- [ACTION ITEM]:
All of the data must be retyped exactly, with nothing left out.

INPUT DATA START

lemma cdist_rc_point:
  fixes x :: "nat \<Rightarrow> real" and i n :: nat
  assumes "i < n"
  defines "c \<equiv> x i + 1/2"
  shows "cdist (x i) (rc_point n x y) = \<bar>cell_mid 0 1 (rotated_cuts n x c) (frac (y - c)) - 1/2\<bar>"
proof -
  define B where "B = rotated_cuts n x c"
  define t where "t = frac (y - c)"
  have t: "0 \<le> t" "t < 1" by (auto simp: t_def frac_lt_1)
  note cuts = rotated_cuts_props[OF assms(1), of x, folded c_def, folded B_def]
  have backward: "{frac (y - antipode (x j)) | j. j < n} = (\<lambda>s. frac (t - s)) ` B"
    and forward: "{frac (antipode (x j) - y) | j. j < n} = (\<lambda>s. frac (s - t)) ` B"
    unfolding Collect_less_eq_image B_def rotated_cuts_def image_image t_def frac_diff_frac
    by simp_all
  have y: "y = c + of_int \<lfloor>y - c\<rfloor> + t" unfolding t_def frac_def by simp
  have "rc_point n x y = c + of_int \<lfloor>y - c\<rfloor> + cell_mid 0 1 B t"
    unfolding rc_point_def Let_def backward forward cell_mid_def
      Min_frac_backward[OF cuts t] Min_frac_forward[OF cuts t]
    by (subst (1) y) (simp add: field_simps)
  moreover have "0 \<le> cell_mid 0 1 B t" "cell_mid 0 1 B t \<le> 1"
    using cut_below_props[OF cuts(1,2) t(1)] cut_above_props[OF cuts t] by (auto simp: cell_mid_def)
  moreover have "x i = c - 1/2" by (simp add: c_def)
  ultimately show ?thesis
    using cdist_from_antipode_offset by (simp add: B_def t_def)
qed

theorem mainTheorem13:
  fixes n :: nat and x :: "nat \<Rightarrow> real"
  assumes "\<not> on_semicircle n x"
  shows "\<forall>i<n. cost (rc n x) (x i) \<le> 1/4"
proof (intro allI impI)
  fix i assume i: "i < n"
  define c where "c = x i + 1/2"
  define B where "B = rotated_cuts n x c"
  obtain I where I: "((\<lambda>t. \<bar>cell_mid 0 1 B t - 1/2\<bar>) has_integral I) {0..1}" "I \<le> 1/4"
    using cell_mid_distance_integral_le_quarter rotated_cuts_props[OF i, of x]
    unfolding B_def c_def by blast
  have "((\<lambda>y. \<bar>cell_mid 0 1 B (frac (y - c)) - 1/2\<bar>) has_integral I) {0..1}"
    using has_integral_frac_shift[OF I(1)] by simp
  also have "(\<lambda>y. \<bar>cell_mid 0 1 B (frac (y - c)) - 1/2\<bar>) = (\<lambda>y. cdist (x i) (rc_point n x y))"
    using cdist_rc_point[OF i, of x] unfolding B_def c_def by simp
  finally have "integral {0..1} (\<lambda>y. cdist (x i) (rc_point n x y)) = I"
    by (rule integral_unique)
  then show "cost (rc n x) (x i) \<le> 1/4"
    using cost_rc_eq_integral I(2) by simp
qed

end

INPUT DATA END

- [ANSWER TO THIS EXERCISE]:
lemma cdist_rc_point:
  fixes x :: "nat \<Rightarrow> real" and i n :: nat
  assumes "i < n"
  defines "c \<equiv> x i + 1/2"
  shows "cdist (x i) (rc_point n x y) = \<bar>cell_mid 0 1 (rotated_cuts n x c) (frac (y - c)) - 1/2\<bar>"
proof -
  define B where "B = rotated_cuts n x c"
  define t where "t = frac (y - c)"
  have t: "0 \<le> t" "t < 1" by (auto simp: t_def frac_lt_1)
  note cuts = rotated_cuts_props[OF assms(1), of x, folded c_def, folded B_def]
  have backward: "{frac (y - antipode (x j)) | j. j < n} = (\<lambda>s. frac (t - s)) ` B"
    and forward: "{frac (antipode (x j) - y) | j. j < n} = (\<lambda>s. frac (s - t)) ` B"
    unfolding Collect_less_eq_image B_def rotated_cuts_def image_image t_def frac_diff_frac
    by simp_all
  have y: "y = c + of_int \<lfloor>y - c\<rfloor> + t" unfolding t_def frac_def by simp
  have "rc_point n x y = c + of_int \<lfloor>y - c\<rfloor> + cell_mid 0 1 B t"
    unfolding rc_point_def Let_def backward forward cell_mid_def
      Min_frac_backward[OF cuts t] Min_frac_forward[OF cuts t]
    by (subst (1) y) (simp add: field_simps)
  moreover have "0 \<le> cell_mid 0 1 B t" "cell_mid 0 1 B t \<le> 1"
    using cut_below_props[OF cuts(1,2) t(1)] cut_above_props[OF cuts t] by (auto simp: cell_mid_def)
  moreover have "x i = c - 1/2" by (simp add: c_def)
  ultimately show ?thesis
    using cdist_from_antipode_offset by (simp add: B_def t_def)
qed

theorem mainTheorem13:
  fixes n :: nat and x :: "nat \<Rightarrow> real"
  assumes "\<not> on_semicircle n x"
  shows "\<forall>i<n. cost (rc n x) (x i) \<le> 1/4"
proof (intro allI impI)
  fix i assume i: "i < n"
  define c where "c = x i + 1/2"
  define B where "B = rotated_cuts n x c"
  obtain I where I: "((\<lambda>t. \<bar>cell_mid 0 1 B t - 1/2\<bar>) has_integral I) {0..1}" "I \<le> 1/4"
    using cell_mid_distance_integral_le_quarter rotated_cuts_props[OF i, of x]
    unfolding B_def c_def by blast
  have "((\<lambda>y. \<bar>cell_mid 0 1 B (frac (y - c)) - 1/2\<bar>) has_integral I) {0..1}"
    using has_integral_frac_shift[OF I(1)] by simp
  also have "(\<lambda>y. \<bar>cell_mid 0 1 B (frac (y - c)) - 1/2\<bar>) = (\<lambda>y. cdist (x i) (rc_point n x y))"
    using cdist_rc_point[OF i, of x] unfolding B_def c_def by simp
  finally have "integral {0..1} (\<lambda>y. cdist (x i) (rc_point n x y)) = I"
    by (rule integral_unique)
  then show "cost (rc n x) (x i) \<le> 1/4"
    using cost_rc_eq_integral I(2) by simp
qed

end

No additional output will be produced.